COPY INTO <table>
This command loads data into Databend from files in a variety of locations.
See Also: COPY INTO location
Supported File Locations
Your data files must be located in one of these locations for COPY INTO to work:
- Named internal stage: Databend internal named stages.
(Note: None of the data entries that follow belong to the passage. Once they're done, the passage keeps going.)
lemma c_bond_perturbed:
  fixes \<phi> v vb :: "real \<Rightarrow> real"
  assumes lipb: "L-lipschitz_on UNIV vb" and agree: "\<And>x. x \<in> Omega_c N \<Longrightarrow> v x = vb x"
    and b: "bond_set b \<subseteq> Omega_c N" and [measurable]: "\<phi> \<in> borel_measurable borel"
  shows "c_bond \<phi> N (\<lambda>x. F * x + t * v x) b = (1 / real (snd b)) *
      (LINT x:bond_set b|lborel. \<phi> (real (snd b) * F + t * (real (snd b) * deriv vb x)))"
proof -
  let ?r = "real (snd b)"
  have [measurable]: "bond_set b \<in> sets borel" by (simp add: bond_set_def)
  have "(LINT x:bond_set b|lborel. \<phi> (?r * deriv (\<lambda>x. F * x + t * v x) x)) =
        (LINT x:bond_set b|lborel. \<phi> (?r * deriv (\<lambda>x. F * x + t * vb x) x))"
  proof (rule set_lebesgue_integral_cong)
    have "deriv (\<lambda>x. F * x + t * v x) x = deriv (\<lambda>x. F * x + t * vb x) x" if "x \<in> Omega_c N" for x
    proof -
      have "\<forall>\<^sub>F y in nhds x. y \<in> Omega_c N"
        using that by (intro eventually_nhds_in_open) (auto simp: Omega_c_def)
      then have "\<forall>\<^sub>F y in nhds x. F * y + t * v y = F * y + t * vb y" by eventually_elim (simp add: agree)
      then show ?thesis by (rule deriv_cong_ev) simp
    qed
    then show "\<forall>x. x \<in> bond_set b \<longrightarrow>
        \<phi> (?r * deriv (\<lambda>x. F * x + t * v x) x) = \<phi> (?r * deriv (\<lambda>x. F * x + t * vb x) x)"
      using b by auto
  qed simp
  also have "\<dots> = (LINT x:bond_set b|lborel. \<phi> (?r * F + t * (?r * deriv vb x)))"
  proof (rule set_lebesgue_integral_cong_AE)
    have "(\<bar>F\<bar> * 1 + \<bar>t\<bar> * L)-lipschitz_on UNIV (\<lambda>x. F * x + t * vb x)"
      by (intro lipschitz_on_add lipschitz_on_cmult_real lipschitz_on_id lipb)
    note D = lipschitz_deriv_measurable[OF this] lipschitz_deriv_measurable[OF lipb]
    show "(\<lambda>x. \<phi> (?r * deriv (\<lambda>x. F * x + t * vb x) x)) \<in> borel_measurable lborel"
      "(\<lambda>x. \<phi> (?r * F + t * (?r * deriv vb x))) \<in> borel_measurable lborel"
      using D by (auto intro!: measurable_compose[where g = \<phi>] borel_measurable_times borel_measurable_add)
    show "AE x\<in>bond_set b in lborel. \<phi> (?r * deriv (\<lambda>x. F * x + t * vb x) x) = \<phi> (?r * F + t * (?r * deriv vb x))"
      using lipschitz_AE_differentiable[OF lipb]
    proof eventually_elim
      case (elim x)
      then have "((\<lambda>x. F * x + t * vb x) has_real_derivative F + t * deriv vb x) (at x)"
        by (auto simp: DERIV_deriv_iff_real_differentiable[symmetric] intro!: derivative_eq_intros)
      then show ?case by (simp add: DERIV_imp_deriv algebra_simps)
    qed
  qed simp
  finally show ?thesis using b by (simp add: c_bond_def Int_absorb2)
qed

text \<open>Continuum bonds: differentiate under the integral sign, then integrate the derivative of v
  back with the fundamental theorem of calculus for Lipschitz functions.\<close>
lemma c_bond_variation:
  fixes \<phi> \<phi>' v :: "real \<Rightarrow> real"
  assumes d\<phi>: "\<And>x. (\<phi> has_real_derivative \<phi>' x) (at x)" and c\<phi>': "continuous_on UNIV \<phi>'"
    and lip: "L-lipschitz_on {0..real N} v"
    and b: "b \<in> bonds N R" "bond_set b \<subseteq> Omega_c N"
  shows "((\<lambda>t. c_bond \<phi> N (\<lambda>x. F * x + t * v x) b) has_real_derivative bond_variation \<phi>' F v b) (at 0)"
proof -
  define vb where "vb x = v (max 0 (min (real N) x))" for x
  define a r where "a = real_of_int (fst b)" and "r = real (snd b)"
  have lipb: "L-lipschitz_on UNIV vb" unfolding vb_def by (rule lipschitz_on_clamp[OF lip]) simp
  have agree: "v x = vb x" if "0 \<le> x" "x \<le> real N" for x using that by (simp add: vb_def)
  have r: "r > 0" using b(1) by (auto simp: bonds_def r_def)
  have ends: "0 \<le> a" "a + r \<le> real N"
    using continuum_bond_position[OF b] by (simp_all add: a_def r_def)
  have S: "bond_set b = {a<..<a + r}" by (simp add: bond_set_def a_def r_def)
  have [measurable]: "\<phi> \<in> borel_measurable borel"
    using d\<phi> by (intro borel_measurable_continuous_onI)
      (auto simp: continuous_on_eq_continuous_at intro: DERIV_isCont)
  have [measurable]: "deriv vb \<in> borel_measurable borel" by (rule lipschitz_deriv_measurable[OF lipb])
  have bound: "AE x in lborel. \<bar>r * deriv vb x\<bar> \<le> r * L"
    using lipschitz_AE_differentiable[OF lipb]
    by eventually_elim (use r lipschitz_deriv_bound[OF lipb] in \<open>simp add: abs_mult\<close>)
  have integral_deriv: "((\<lambda>t. LINT x:bond_set b|lborel. \<phi> (r * F + t * (r * deriv vb x))) has_real_derivative
      (LINT x:bond_set b|lborel. \<phi>' (r * F) * (r * deriv vb x))) (at 0)"
    by (rule has_real_derivative_set_integral[OF d\<phi> c\<phi>' _ bound]) (use r in \<open>auto simp: S emeasure_lborel_Ioo\<close>)
  then have "((\<lambda>t. c_bond \<phi> N (\<lambda>x. F * x + t * v x) b) has_real_derivative
      (1 / r) * (LINT x:bond_set b|lborel. \<phi>' (r * F) * (r * deriv vb x))) (at 0)"
  proof -
    have energy: "c_bond \<phi> N (\<lambda>x. F * x + t * v x) b =
        (1 / r) * (LINT x:bond_set b|lborel. \<phi> (r * F + t * (r * deriv vb x)))" for t
      unfolding r_def by (rule c_bond_perturbed[OF lipb _ b(2)]) (auto simp: Omega_c_def agree)
    show ?thesis unfolding energy by (rule DERIV_cmult[OF integral_deriv])
  qed
  also have "(1 / r) * (LINT x:bond_set b|lborel. \<phi>' (r * F) * (r * deriv vb x)) =
      \<phi>' (r * F) * (LINT x:{a<..<a + r}|lborel. deriv vb x)"
    using r by (simp add: S set_integral_mult_right)
  also have "\<dots> = bond_variation \<phi>' F v b"
    using lipschitz_integral_deriv(2)[OF lipb, of a "a + r"] r ends
    by (simp add: bond_variation_def a_def r_def agree mult.commute)
  finally show ?thesis .
qed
Files can be staged using the PUT to Stage API.
- Named external stage: Stages created in Supported Object Storage Solutions.
- External location:
- Buckets created in Supported Object Storage Solutions.
- Remote servers from where you can access the files by their URL (starting with "https://...").
- IPFS.
Syntax
COPY INTO [<database>.]<table_name>
FROM { internalStage | externalStage | externalLocation }
[ FILES = ( '<file_name>' [ , '<file_name>' ] [ , ... ] ) ]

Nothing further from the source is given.